También importa qué ocurre con la capacidad de generar resultados mientras la organización administra sus recursos.
En el caso analizado, el balance muestra simultáneamente:
- 57,59 % de crecimiento en ingresos.
- 167,43 % de crecimiento en utilidad neta.
- 253,27 % de crecimiento en EBITDA.
- 18,57 % de crecimiento en patrimonio.
- 44,75 % de crecimiento en activos bajo administración.
- Un aumento de 11 % a 25 % en el indicador de eficiencia operativa.
No todos estos indicadores miden lo mismo.
Precisamente por eso resulta más interesante analizarlos en conjunto que quedarse con el 253,27 %.
¿Qué significa esto para una entidad que administra activos del Estado?
El caso de CISA tiene una particularidad que cambia la lectura empresarial.
No estamos hablando simplemente de una compañía que busca mejorar sus resultados financieros.
La entidad reporta que sus activos bajo administración aumentaron 44,75 % hasta alcanzar $411.147 millones, mientras desarrollaba una estrategia orientada a ampliar su capacidad de administrar estratégicamente los bienes del Estado.
Por eso, la eficiencia financiera adquiere una dimensión adicional.
La pregunta no es únicamente cuánto gana una organización.
También es qué tan bien administra los recursos y activos que están bajo su responsabilidad.
Ese es el verdadero interés empresarial del caso.
Finanzas e impacto social: dos conversaciones que pueden coexistir
El balance de CISA plantea además una segunda dimensión.
Mientras reporta crecimiento financiero, la entidad también presenta iniciativas de impacto social.

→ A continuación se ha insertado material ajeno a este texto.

text \<open>Moore determinant argument: after normalising some coefficient to 1, the coefficients
  \<open>a t - a t\<^sup>2\<close> solve the same system with one equation fewer, shifted by one Frobenius power,
  and vanish at that coordinate; by induction they vanish, so all coefficients lie in \<open>{0,1}\<close>,
  and then the first equation is the \<open>2\<^sup>k\<close>-th power of an \<open>\<bbbF>\<^sub>2\<close>-relation among the \<open>v t\<close>.\<close>
lemma moore_system_trivial:
  fixes v :: "'i \<Rightarrow> 'a::field"
  assumes char: "CHAR('a) = 2"
  shows "finite J \<Longrightarrow> card J \<le> h \<Longrightarrow> f2_indep v J \<Longrightarrow>
     \<forall>j<h. (\<Sum>t\<in>J. a t * v t ^ 2 ^ (k + j)) = 0 \<Longrightarrow> \<forall>t\<in>J. a t = 0"
proof (induction h arbitrary: J a k)
  case 0
  then show ?case by simp
next
  case (Suc h)
  show ?case
  proof (rule ccontr)
    assume "\<not> (\<forall>t\<in>J. a t = 0)"
    then obtain t0 where t0: "t0 \<in> J" "a t0 \<noteq> 0" by blast
    define a' where "a' t = a t / a t0" for t
    have a'_t0: "a' t0 = 1" using t0 by (simp add: a'_def)
    have eq': "(\<Sum>t\<in>J. a' t * v t ^ 2 ^ (k + j)) = 0" if "j < Suc h" for j
      using Suc.prems(4) that by (simp add: a'_def flip: sum_divide_distrib)
    define b where "b t = a' t - a' t ^ 2" for t
    have "\<forall>j<h. (\<Sum>t\<in>J - {t0}. b t * v t ^ 2 ^ (Suc k + j)) = 0"
    proof (intro allI impI)
      fix j assume "j < h"
      have square: "(v t ^ 2 ^ (k + j)) ^ 2 = v t ^ 2 ^ (Suc k + j)" for t
        by (metis add_Suc power_Suc2 power_mult)
      have "(\<Sum>t\<in>J. b t * v t ^ 2 ^ (Suc k + j)) = 0"
        using sum_frobenius_defect[OF char, where a = a' and w = "\<lambda>t. v t ^ 2 ^ (k + j)"]
          eq'[of j] eq'[of "Suc j"] \<open>j < h\<close> by (simp add: b_def square)
      moreover have "b t0 = 0" using a'_t0 by (simp add: b_def)
      ultimately show "(\<Sum>t\<in>J - {t0}. b t * v t ^ 2 ^ (Suc k + j)) = 0"
        using t0(1) Suc.prems(1) by (simp add: sum.remove)
    qed
    moreover have "f2_indep v (J - {t0})"
      by (rule f2_indep_subset[OF Suc.prems(3) _ Suc.prems(1)]) blast
    moreover have "finite (J - {t0})" "card (J - {t0}) \<le> h"
      using Suc.prems(1,2) t0(1) by auto
    ultimately have "\<forall>t\<in>J - {t0}. b t = 0"
      using Suc.IH[where J = "J - {t0}" and a = b and k = "Suc k"] by blast
    then have a'01: "\<forall>t\<in>J. a' t \<in> {0, 1}"
      using a'_t0 by (auto simp: b_def power2_eq_square right_diff_distrib[symmetric])
    have "(\<Sum>t\<in>J. a' t * v t) ^ 2 ^ k = 0"
      using eq'[of 0] sum_f2_coeffs_power[OF char a'01] by simp
    then have "(\<Sum>t\<in>J. a' t * v t) = 0" by simp
    then have "a' t0 = 0" using f2_indepD[OF Suc.prems(3) a'01] t0(1) by simp
    with a'_t0 show False by simp
  qed
qed

lemma f2_relation_in_check_code:
  fixes v :: "'i \<Rightarrow> 'a::field"
  assumes char: "CHAR('a) = 2" and J: "finite P" "J \<subseteq> P"
    and c01: "\<forall>t\<in>J. c t \<in> {0, 1}" and rel: "(\<Sum>t\<in>J. c t * v t) = 0"
  shows "(\<lambda>t. if t \<in> J then c t else 0) \<in> check_code P (\<lambda>j t. v t ^ 2 ^ j) m"
proof -
  let ?y = "\<lambda>t. if t \<in> J then c t else 0"
  have "(\<Sum>t\<in>J. v t ^ 2 ^ j * ?y t) = (\<Sum>t\<in>J. c t * v t ^ 2 ^ j)" for j
    by (intro sum.cong) simp_all
  then have "?y \<in> check_code J (\<lambda>j t. v t ^ 2 ^ j) m"
    using sum_f2_coeffs_power[OF char c01] rel by (simp add: check_code_def)
  then show ?thesis using check_code_mono[OF J] by blast
qed

lemma heavy_imp_hwise_indep:
  fixes v :: "'i \<Rightarrow> 'a::field"
  assumes char: "CHAR('a) = 2" and P: "finite P"
    and heavy: "\<forall>y\<in>check_code P (\<lambda>j t. v t ^ 2 ^ j) m. y \<noteq> 0 \<longrightarrow> m < hweight y"
  shows "hwise_indep m v P"
  unfolding hwise_indep_def f2_indep_def
proof (intro allI impI ballI)
  fix J c t
  assume J: "J \<subseteq> P" "card J \<le> m" and c01: "\<forall>t\<in>J. c t \<in> {0, 1}"
    and rel: "(\<Sum>t\<in>J. c t * v t) = 0" and t: "t \<in> J"
  have finJ: "finite J" using P J(1) finite_subset by blast
  have "(\<lambda>t. if t \<in> J then c t else 0) = 0"
    by (rule small_support_eq_0[OF heavy f2_relation_in_check_code[OF char P J(1) c01 rel] finJ J(2)]) simp
  then show "c t = 0" using t by (drule_tac fun_cong[of _ _ t]) simp
qed

lemma hwise_indep_imp_heavy:
  fixes v :: "'i \<Rightarrow> 'a::field"
  assumes char: "CHAR('a) = 2" and P: "finite P" and indep: "hwise_indep m v P"
    and y: "y \<in> check_code P (\<lambda>j t. v t ^ 2 ^ j) m" "y \<noteq> 0"
  shows "m < hweight y"
proof (rule ccontr)
  assume light: "\<not> m < hweight y"
  define J where "J = {p. y p \<noteq> 0}"
  have JP: "J \<subseteq> P" using y(1) by (auto simp: J_def check_code_def)
  have finJ: "finite J" using P JP finite_subset by blast
  have cardJ: "card J \<le> m" using light by (simp add: J_def hweight_def)
  have "f2_indep v J" using indep JP cardJ by (simp add: hwise_indep_def)
  moreover have "\<forall>j<m. (\<Sum>t\<in>J. y t * v t ^ 2 ^ (0 + j)) = 0"
  proof (intro allI impI)
    fix j assume "j < m"
    have "(\<Sum>t\<in>J. y t * v t ^ 2 ^ (0 + j)) = (\<Sum>t\<in>P. v t ^ 2 ^ j * y t)"
      using P JP by (intro sum.mono_neutral_cong_left) (auto simp: J_def)
    with y(1) \<open>j < m\<close> show "(\<Sum>t\<in>J. y t * v t ^ 2 ^ (0 + j)) = 0"
      by (simp add: check_code_def)
  qed
  ultimately have "\<forall>t\<in>J. y t = 0" by (rule moore_system_trivial[OF char finJ cardJ])
  then have "y = 0" by (auto simp: J_def fun_eq_iff)
  with y(2) show False ..
qed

Entre 2023 y 2025, CISA ejecutó el mandato del artículo 128 del Plan Nacional de Desarrollo 2022-2026 que permitió la condonación de créditos educativos del ICETEX para 8.345 colombianos, por un valor de $171.821 millones.
También reportó una Ruta de Gestión Social que ha beneficiado a 830 hogares y cinco organizaciones sociales, además de iniciativas de formalización y vivienda.
Esto permite introducir una discusión empresarial interesante:
¿Es posible mejorar los resultados financieros de una entidad pública y, al mismo tiempo, ampliar su impacto social?
La nota de CISA presenta precisamente esa combinación como parte de su balance.
La pregunta que queda sobre la mesa
El crecimiento del EBITDA de 253,27 % es, sin duda, uno de los datos más llamativos del balance 2022-2025 de CISA.
Pero la cifra adquiere verdadero valor cuando se pone en contexto con el resto de los indicadores: ingresos, patrimonio, utilidad neta, activos bajo administración, eficiencia operativa y desempeño institucional.